Matrix Multiplication Interpretation of Relation Composition
Theorem
Let $A$, $B$ and $C$ be finite non-empty sets that are initial segments of $\N_{\ne 0}$.
Let $\RR \subseteq B \times A$ and $\SS \subseteq C \times B$ be relations.
Let $\mathbf R$ and $\mathbf S$ be matrices which we define as follows:
- $\sqbrk r_{i j} = \begin{cases} \T & : \tuple {i, j} \in \RR \\ \F & : \tuple {i, j} \notin \RR \\ \end{cases}$
- $\sqbrk s_{i j} = \begin{cases} \T & : \tuple {i, j} \in \SS \\ \F & : \tuple {i, j} \notin \SS \\ \end{cases}$
Then we can interpret the matrix product $\mathbf R \mathbf S$ as the composition $\SS \circ \RR$.

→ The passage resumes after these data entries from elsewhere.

lemma card_alpha_seqs:
  assumes "n \<ge> 1"
  shows "card (alpha_seqs n) = card (separated_lists (n - 1))"
proof -
  have strict: "sorted_wrt (<) xs" if "xs \<in> separated_lists m" for xs m
    using that by (auto simp: separated_lists_def elim: sorted_wrt_mono_rel[rotated])
  have "alpha_seqs n = seq_of_double_steps n ` separated_lists (n - 1)"
  proof (intro equalityI subsetI)
    fix s assume s: "s \<in> alpha_seqs n"
    have range: "set (double_steps s) \<subseteq> {..<n - 1}"
      using s by (auto simp: set_double_steps alpha_seqs_def)
    have "seq_of_double_steps n (double_steps s) \<in> alpha_seqs n"
      using seq_of_double_steps_inverse[OF s] s by simp
    then have "double_steps s \<in> separated_lists (n - 1)"
      using seq_of_double_steps_mem_iff[OF assms double_steps_sorted_wrt range] range
      by (simp add: separated_lists_def)
    then show "s \<in> seq_of_double_steps n ` separated_lists (n - 1)"
      using seq_of_double_steps_inverse[OF s] by (metis image_eqI)
  next
    fix s assume "s \<in> seq_of_double_steps n ` separated_lists (n - 1)"
    then show "s \<in> alpha_seqs n"
      using seq_of_double_steps_mem_iff[OF assms] strict by (auto simp: separated_lists_def)
  qed
  moreover have "inj_on (seq_of_double_steps n) (separated_lists (n - 1))"
    by (rule inj_on_subset[OF inj_on_seq_of_double_steps]) (auto simp: strict separated_lists_def)
  ultimately show ?thesis
    by (simp add: card_image)
qed

theorem proposition7p1:
  fixes d :: nat
  assumes "d \<ge> 46"
  shows "card (admissible_seqs d) = alpha (d - 8)"
proof -
  have "card (admissible_seqs d) = card (separated_lists (d - 9))"
    using assms by (intro card_admissible_seqs) simp
  also have "\<dots> = card (alpha_seqs (d - 8))"
    using card_alpha_seqs[of "d - 8"] assms by simp
  finally show ?thesis
    by (simp add: alpha_eq_card_alpha_seqs)
qed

To do so we temporarily consider $\struct {\set {\T, \F}, \land, \lor}$ to be our "ring" on which we are basing matrix multiplication.
Then:
- $\sqbrk {r s}_{i j} = \T \iff \tuple {i, j} \in \SS \circ \RR$
Proof
Sufficient Condition
Suppose for some $i, j$:
- $\sqbrk {r s}_{i j} = \T$
Then by definition of $\lor$ there must exist some $k$ for which:
- $\sqbrk r_{i k} \land \sqbrk s_{k j} = \T$
which by our definition implies:
- $\tuple {i, k} \in \RR$
- $\tuple {k, j} \in \SS$
Then by definition of a composite relation:
- $\tuple {i, j} \in \RR \circ \SS$
Necessary Condition
Suppose for some $i, j$:
- $\tuple {i, j} \in \SS \circ \RR$
Then there exists a $k$ for which:
- $\tuple {i, k} \in \RR$
- $\tuple {k, j} \in \SS$
Hence:
- $\sqbrk r_{i k} = \T$
- $\sqbrk s_{k j} = \T$
and there exists some $k$ for which:
- $\sqbrk r_{i k} \land \sqbrk s_{k j} = \T$
Hence by definition of $\lor$:
- $\sqbrk {r s}_{i j} = \T$
$\blacksquare$